** INFORMATION PROVIDED follows **

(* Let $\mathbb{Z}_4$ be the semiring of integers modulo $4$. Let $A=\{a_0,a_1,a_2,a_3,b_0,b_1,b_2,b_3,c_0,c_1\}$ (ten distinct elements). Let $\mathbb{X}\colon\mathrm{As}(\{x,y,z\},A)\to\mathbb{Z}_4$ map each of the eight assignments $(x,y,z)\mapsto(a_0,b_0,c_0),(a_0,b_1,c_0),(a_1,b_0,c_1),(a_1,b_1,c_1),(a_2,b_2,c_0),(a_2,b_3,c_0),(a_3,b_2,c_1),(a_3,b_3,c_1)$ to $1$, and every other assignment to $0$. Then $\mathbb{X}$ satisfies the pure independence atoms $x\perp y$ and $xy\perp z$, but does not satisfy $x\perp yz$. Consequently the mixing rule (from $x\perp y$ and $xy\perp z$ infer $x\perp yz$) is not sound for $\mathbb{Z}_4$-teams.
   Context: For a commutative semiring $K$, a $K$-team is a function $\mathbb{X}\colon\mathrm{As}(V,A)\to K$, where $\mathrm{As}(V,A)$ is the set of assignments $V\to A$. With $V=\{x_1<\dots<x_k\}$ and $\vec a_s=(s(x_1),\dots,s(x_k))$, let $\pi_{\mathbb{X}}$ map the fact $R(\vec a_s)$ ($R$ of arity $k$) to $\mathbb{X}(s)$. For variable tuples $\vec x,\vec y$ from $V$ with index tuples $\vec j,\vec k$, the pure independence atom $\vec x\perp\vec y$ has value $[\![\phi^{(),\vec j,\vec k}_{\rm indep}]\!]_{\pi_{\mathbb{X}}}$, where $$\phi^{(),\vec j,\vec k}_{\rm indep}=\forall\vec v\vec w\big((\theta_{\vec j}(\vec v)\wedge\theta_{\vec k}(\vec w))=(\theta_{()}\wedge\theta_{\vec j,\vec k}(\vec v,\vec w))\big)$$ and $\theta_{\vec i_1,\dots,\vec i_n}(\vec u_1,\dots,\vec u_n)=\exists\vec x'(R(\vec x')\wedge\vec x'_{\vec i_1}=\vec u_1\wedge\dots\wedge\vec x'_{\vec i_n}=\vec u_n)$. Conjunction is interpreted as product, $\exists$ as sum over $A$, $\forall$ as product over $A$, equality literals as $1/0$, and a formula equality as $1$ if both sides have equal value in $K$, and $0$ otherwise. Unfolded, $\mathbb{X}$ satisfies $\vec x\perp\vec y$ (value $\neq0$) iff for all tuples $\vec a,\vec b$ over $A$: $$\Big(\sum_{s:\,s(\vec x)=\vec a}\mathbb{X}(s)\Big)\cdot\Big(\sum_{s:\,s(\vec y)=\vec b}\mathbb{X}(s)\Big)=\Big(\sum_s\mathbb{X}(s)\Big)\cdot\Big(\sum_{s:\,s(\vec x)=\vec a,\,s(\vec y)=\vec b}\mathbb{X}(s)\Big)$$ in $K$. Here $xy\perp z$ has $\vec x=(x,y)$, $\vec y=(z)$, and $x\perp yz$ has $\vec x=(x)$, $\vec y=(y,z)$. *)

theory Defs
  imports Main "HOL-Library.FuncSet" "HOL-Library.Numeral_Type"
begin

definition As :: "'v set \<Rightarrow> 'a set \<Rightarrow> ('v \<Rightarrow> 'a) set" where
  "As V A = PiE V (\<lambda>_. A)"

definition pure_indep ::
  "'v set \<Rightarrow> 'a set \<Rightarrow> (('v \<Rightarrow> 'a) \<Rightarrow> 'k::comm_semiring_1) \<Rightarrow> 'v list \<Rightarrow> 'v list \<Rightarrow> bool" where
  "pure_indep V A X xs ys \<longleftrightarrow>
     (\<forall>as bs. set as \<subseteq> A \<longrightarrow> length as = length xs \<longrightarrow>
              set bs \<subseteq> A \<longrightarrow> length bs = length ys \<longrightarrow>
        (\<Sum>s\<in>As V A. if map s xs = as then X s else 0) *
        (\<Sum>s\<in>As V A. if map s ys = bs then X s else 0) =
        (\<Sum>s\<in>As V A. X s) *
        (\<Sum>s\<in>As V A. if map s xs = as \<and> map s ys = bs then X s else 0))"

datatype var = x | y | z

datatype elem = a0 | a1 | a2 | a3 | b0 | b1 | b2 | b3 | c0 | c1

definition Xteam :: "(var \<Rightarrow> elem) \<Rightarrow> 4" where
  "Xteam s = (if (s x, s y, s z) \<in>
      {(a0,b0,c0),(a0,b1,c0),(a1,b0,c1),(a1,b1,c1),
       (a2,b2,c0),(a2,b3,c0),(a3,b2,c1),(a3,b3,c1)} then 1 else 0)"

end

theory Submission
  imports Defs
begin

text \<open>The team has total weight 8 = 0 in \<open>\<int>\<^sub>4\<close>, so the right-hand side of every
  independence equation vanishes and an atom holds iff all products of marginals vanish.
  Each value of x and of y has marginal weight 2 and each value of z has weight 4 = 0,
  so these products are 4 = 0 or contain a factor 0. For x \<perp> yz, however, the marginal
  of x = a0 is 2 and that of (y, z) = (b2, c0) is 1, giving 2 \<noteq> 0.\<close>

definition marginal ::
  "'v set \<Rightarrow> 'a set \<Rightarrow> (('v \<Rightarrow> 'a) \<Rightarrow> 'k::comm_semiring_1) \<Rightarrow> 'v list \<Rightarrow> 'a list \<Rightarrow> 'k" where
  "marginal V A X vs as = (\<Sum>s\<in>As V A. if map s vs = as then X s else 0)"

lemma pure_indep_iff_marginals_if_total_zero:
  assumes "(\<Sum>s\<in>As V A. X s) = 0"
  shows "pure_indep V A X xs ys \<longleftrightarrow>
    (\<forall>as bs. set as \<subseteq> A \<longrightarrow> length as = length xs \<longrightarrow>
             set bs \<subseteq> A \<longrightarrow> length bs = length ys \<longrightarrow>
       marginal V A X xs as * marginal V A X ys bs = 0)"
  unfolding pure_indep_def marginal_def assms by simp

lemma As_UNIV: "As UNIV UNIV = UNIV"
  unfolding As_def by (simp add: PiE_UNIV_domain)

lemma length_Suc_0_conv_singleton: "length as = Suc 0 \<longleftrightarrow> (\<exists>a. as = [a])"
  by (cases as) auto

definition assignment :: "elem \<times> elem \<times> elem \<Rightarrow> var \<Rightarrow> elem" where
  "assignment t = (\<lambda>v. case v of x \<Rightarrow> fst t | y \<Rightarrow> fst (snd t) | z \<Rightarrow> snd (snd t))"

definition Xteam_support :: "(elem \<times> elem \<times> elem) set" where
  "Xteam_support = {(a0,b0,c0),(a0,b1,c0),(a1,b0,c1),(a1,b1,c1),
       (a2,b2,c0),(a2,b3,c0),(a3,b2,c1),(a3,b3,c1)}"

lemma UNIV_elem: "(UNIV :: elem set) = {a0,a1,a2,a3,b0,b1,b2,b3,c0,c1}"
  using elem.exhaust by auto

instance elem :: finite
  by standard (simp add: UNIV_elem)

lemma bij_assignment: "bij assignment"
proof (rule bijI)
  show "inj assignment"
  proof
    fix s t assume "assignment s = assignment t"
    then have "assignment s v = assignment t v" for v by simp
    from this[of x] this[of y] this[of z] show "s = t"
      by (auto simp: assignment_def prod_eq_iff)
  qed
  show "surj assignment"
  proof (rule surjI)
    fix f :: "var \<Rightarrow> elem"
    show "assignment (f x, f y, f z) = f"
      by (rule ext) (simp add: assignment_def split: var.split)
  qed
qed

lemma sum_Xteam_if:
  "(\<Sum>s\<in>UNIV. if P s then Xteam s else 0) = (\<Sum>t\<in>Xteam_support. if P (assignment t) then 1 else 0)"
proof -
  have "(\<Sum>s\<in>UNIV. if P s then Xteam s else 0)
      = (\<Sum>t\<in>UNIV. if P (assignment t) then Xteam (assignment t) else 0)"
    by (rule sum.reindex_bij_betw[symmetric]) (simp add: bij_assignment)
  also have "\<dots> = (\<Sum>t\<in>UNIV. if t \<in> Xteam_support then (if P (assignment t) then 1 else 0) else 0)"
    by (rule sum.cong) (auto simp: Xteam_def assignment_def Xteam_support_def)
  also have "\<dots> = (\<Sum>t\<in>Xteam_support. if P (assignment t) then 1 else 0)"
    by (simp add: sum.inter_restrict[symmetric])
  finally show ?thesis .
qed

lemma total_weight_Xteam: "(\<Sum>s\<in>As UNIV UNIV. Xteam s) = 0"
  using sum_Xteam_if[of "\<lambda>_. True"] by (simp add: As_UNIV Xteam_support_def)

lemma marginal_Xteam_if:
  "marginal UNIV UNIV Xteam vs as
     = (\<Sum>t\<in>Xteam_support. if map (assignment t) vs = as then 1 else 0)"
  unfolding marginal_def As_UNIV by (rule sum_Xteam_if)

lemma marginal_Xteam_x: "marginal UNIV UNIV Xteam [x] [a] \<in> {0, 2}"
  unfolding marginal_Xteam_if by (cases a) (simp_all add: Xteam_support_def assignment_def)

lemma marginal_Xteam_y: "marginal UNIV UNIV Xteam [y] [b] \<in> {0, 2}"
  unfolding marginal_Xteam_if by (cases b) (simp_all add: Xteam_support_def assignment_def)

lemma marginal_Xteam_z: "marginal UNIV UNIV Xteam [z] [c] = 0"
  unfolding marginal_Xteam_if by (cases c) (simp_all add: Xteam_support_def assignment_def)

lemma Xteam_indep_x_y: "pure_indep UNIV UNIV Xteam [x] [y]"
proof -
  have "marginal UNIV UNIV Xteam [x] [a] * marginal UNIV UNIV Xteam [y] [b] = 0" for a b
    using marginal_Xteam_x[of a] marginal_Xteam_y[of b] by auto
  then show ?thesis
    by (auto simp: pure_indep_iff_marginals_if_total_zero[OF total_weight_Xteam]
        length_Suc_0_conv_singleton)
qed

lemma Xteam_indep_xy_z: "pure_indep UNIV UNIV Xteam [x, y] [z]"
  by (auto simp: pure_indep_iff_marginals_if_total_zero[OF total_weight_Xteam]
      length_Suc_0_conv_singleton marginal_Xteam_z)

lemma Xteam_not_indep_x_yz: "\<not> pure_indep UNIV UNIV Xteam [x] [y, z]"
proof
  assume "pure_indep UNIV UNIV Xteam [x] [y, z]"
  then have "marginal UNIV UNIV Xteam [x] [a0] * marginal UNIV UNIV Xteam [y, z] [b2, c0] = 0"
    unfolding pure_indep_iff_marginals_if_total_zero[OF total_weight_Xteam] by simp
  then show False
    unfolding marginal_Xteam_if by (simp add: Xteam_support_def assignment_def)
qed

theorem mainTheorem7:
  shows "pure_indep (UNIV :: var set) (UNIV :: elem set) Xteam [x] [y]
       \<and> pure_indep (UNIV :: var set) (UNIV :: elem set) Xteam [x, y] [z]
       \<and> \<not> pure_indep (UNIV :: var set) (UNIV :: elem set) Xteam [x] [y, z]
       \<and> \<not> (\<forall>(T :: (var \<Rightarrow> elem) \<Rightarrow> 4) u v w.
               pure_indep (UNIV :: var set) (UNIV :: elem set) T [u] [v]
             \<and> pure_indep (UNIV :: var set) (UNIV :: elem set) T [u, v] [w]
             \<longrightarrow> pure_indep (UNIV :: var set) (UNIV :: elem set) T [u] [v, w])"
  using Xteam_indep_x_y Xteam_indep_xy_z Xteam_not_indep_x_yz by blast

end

** End of INFORMATION PROVIDED **

TASK STATEMENT:
Everything from the line containing "marginal V A X xs" through the line containing "Xteam vs as" in the material above should be retyped exactly, both ends included, and nothing more.

TASK ANSWER:
       marginal V A X xs as * marginal V A X ys bs = 0)"
  unfolding pure_indep_def marginal_def assms by simp

lemma As_UNIV: "As UNIV UNIV = UNIV"
  unfolding As_def by (simp add: PiE_UNIV_domain)

lemma length_Suc_0_conv_singleton: "length as = Suc 0 \<longleftrightarrow> (\<exists>a. as = [a])"
  by (cases as) auto

definition assignment :: "elem \<times> elem \<times> elem \<Rightarrow> var \<Rightarrow> elem" where
  "assignment t = (\<lambda>v. case v of x \<Rightarrow> fst t | y \<Rightarrow> fst (snd t) | z \<Rightarrow> snd (snd t))"

definition Xteam_support :: "(elem \<times> elem \<times> elem) set" where
  "Xteam_support = {(a0,b0,c0),(a0,b1,c0),(a1,b0,c1),(a1,b1,c1),
       (a2,b2,c0),(a2,b3,c0),(a3,b2,c1),(a3,b3,c1)}"

lemma UNIV_elem: "(UNIV :: elem set) = {a0,a1,a2,a3,b0,b1,b2,b3,c0,c1}"
  using elem.exhaust by auto

instance elem :: finite
  by standard (simp add: UNIV_elem)

lemma bij_assignment: "bij assignment"
proof (rule bijI)
  show "inj assignment"
  proof
    fix s t assume "assignment s = assignment t"
    then have "assignment s v = assignment t v" for v by simp
    from this[of x] this[of y] this[of z] show "s = t"
      by (auto simp: assignment_def prod_eq_iff)
  qed
  show "surj assignment"
  proof (rule surjI)
    fix f :: "var \<Rightarrow> elem"
    show "assignment (f x, f y, f z) = f"
      by (rule ext) (simp add: assignment_def split: var.split)
  qed
qed

lemma sum_Xteam_if:
  "(\<Sum>s\<in>UNIV. if P s then Xteam s else 0) = (\<Sum>t\<in>Xteam_support. if P (assignment t) then 1 else 0)"
proof -
  have "(\<Sum>s\<in>UNIV. if P s then Xteam s else 0)
      = (\<Sum>t\<in>UNIV. if P (assignment t) then Xteam (assignment t) else 0)"
    by (rule sum.reindex_bij_betw[symmetric]) (simp add: bij_assignment)
  also have "\<dots> = (\<Sum>t\<in>UNIV. if t \<in> Xteam_support then (if P (assignment t) then 1 else 0) else 0)"
    by (rule sum.cong) (auto simp: Xteam_def assignment_def Xteam_support_def)
  also have "\<dots> = (\<Sum>t\<in>Xteam_support. if P (assignment t) then 1 else 0)"
    by (simp add: sum.inter_restrict[symmetric])
  finally show ?thesis .
qed

lemma total_weight_Xteam: "(\<Sum>s\<in>As UNIV UNIV. Xteam s) = 0"
  using sum_Xteam_if[of "\<lambda>_. True"] by (simp add: As_UNIV Xteam_support_def)

lemma marginal_Xteam_if:
  "marginal UNIV UNIV Xteam vs as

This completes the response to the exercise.